### Problem description
Lines in the records below that contain the word "True" must each be copied.

Saved data entries
——————————

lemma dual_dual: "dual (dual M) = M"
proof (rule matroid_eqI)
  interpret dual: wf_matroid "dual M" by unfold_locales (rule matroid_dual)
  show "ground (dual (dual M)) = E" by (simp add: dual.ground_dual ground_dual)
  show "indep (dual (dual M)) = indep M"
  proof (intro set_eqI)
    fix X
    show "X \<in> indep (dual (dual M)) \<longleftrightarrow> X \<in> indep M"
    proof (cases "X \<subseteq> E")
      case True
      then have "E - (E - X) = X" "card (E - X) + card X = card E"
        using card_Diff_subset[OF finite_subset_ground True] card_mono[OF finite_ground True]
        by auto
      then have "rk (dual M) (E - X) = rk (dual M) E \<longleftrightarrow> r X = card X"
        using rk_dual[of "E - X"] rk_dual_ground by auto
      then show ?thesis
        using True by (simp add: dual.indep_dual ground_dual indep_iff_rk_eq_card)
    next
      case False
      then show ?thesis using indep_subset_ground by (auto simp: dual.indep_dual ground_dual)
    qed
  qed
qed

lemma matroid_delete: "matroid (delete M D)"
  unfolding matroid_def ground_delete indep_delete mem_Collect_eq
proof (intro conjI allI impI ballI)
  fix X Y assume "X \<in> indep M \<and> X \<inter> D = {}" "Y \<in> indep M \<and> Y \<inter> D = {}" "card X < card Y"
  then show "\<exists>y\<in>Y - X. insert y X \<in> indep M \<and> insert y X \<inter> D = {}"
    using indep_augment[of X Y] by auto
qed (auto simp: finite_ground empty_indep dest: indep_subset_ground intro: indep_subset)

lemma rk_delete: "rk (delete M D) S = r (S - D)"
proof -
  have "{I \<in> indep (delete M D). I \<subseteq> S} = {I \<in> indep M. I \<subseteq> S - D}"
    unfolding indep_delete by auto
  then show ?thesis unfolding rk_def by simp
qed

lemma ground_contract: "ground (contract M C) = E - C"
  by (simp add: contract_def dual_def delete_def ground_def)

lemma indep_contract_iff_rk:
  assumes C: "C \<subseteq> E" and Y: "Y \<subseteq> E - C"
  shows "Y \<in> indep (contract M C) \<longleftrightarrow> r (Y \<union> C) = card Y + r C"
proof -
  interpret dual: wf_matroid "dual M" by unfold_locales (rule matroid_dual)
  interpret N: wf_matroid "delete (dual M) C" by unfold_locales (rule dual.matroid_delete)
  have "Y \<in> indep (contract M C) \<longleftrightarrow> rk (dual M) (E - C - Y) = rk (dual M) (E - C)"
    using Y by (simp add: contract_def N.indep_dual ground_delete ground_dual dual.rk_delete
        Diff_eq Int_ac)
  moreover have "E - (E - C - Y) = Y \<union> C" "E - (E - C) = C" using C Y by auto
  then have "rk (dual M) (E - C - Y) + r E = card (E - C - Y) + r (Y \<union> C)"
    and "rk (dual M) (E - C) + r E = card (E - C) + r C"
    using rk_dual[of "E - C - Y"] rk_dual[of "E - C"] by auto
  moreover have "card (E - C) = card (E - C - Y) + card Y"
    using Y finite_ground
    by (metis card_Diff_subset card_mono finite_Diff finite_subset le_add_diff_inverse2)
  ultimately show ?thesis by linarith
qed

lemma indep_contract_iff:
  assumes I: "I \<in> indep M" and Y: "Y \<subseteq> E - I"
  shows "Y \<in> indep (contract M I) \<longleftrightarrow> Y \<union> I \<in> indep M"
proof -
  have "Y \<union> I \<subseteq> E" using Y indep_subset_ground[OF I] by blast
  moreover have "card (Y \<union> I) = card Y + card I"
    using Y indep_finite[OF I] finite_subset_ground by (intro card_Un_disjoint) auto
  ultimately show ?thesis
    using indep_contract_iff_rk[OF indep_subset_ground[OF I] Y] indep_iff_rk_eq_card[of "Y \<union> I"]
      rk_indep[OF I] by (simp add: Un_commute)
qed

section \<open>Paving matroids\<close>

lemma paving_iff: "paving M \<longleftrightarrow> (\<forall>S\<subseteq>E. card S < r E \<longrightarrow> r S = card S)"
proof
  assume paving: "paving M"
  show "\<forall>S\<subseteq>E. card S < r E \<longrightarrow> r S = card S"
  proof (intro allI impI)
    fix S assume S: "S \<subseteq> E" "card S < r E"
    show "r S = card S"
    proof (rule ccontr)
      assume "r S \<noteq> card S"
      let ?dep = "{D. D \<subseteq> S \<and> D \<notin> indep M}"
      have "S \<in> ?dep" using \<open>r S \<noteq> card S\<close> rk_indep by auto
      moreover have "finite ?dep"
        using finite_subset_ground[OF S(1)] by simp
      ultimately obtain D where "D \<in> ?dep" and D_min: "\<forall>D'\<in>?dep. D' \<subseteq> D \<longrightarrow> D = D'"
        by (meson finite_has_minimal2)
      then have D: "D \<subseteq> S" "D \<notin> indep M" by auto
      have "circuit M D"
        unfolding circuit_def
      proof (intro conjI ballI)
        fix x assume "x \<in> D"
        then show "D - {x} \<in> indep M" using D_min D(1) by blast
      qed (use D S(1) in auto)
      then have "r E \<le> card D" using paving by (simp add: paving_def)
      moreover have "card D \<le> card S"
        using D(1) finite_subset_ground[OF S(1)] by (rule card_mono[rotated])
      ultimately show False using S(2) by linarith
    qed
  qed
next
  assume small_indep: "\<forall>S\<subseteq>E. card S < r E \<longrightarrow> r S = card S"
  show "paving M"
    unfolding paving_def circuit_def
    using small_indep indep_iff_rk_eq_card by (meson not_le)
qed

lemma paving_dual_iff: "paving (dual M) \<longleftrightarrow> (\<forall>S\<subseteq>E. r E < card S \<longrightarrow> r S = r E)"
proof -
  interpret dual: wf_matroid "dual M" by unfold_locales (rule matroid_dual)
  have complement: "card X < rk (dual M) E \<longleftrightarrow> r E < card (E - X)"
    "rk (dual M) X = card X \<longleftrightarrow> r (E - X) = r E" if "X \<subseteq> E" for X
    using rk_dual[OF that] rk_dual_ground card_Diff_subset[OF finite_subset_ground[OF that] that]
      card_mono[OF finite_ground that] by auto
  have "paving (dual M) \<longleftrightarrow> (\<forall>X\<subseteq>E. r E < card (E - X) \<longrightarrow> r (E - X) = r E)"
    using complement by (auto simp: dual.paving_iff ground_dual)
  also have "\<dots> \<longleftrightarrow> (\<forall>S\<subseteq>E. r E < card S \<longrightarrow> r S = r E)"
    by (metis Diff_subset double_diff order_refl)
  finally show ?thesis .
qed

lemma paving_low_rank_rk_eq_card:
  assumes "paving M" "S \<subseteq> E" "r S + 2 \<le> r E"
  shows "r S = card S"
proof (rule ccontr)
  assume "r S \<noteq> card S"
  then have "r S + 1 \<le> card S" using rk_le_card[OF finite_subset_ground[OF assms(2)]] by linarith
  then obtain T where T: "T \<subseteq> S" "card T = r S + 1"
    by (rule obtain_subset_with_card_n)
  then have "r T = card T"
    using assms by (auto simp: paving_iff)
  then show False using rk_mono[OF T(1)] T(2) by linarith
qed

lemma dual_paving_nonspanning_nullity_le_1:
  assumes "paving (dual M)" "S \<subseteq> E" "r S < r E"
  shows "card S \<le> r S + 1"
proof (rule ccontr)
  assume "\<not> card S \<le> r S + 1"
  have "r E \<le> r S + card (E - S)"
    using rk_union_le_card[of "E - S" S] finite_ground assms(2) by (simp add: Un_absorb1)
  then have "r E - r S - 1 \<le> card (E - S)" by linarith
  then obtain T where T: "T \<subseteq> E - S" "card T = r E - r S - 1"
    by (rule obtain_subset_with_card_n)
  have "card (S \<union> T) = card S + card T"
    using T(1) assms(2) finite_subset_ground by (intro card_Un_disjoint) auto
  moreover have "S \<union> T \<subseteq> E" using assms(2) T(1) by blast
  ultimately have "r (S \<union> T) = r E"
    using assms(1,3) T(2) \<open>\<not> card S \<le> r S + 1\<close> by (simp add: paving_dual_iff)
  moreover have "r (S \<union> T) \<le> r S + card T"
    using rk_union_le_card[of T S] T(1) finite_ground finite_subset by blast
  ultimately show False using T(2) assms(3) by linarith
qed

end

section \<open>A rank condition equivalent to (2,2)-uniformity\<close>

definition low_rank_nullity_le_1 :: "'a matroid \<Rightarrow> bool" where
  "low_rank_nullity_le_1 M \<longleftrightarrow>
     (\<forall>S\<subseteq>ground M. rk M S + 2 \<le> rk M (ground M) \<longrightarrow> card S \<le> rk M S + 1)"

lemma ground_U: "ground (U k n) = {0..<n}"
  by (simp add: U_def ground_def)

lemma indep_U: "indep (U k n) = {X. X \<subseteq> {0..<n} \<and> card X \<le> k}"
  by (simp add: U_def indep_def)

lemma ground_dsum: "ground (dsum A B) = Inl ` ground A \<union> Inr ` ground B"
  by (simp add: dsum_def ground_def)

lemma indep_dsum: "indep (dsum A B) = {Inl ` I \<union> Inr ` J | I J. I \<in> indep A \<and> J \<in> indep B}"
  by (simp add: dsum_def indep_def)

——————————

### Result below
      case True
        using card_Diff_subset[OF finite_subset_ground True] card_mono[OF finite_ground True]
        using True by (simp add: dual.indep_dual ground_dual indep_iff_rk_eq_card)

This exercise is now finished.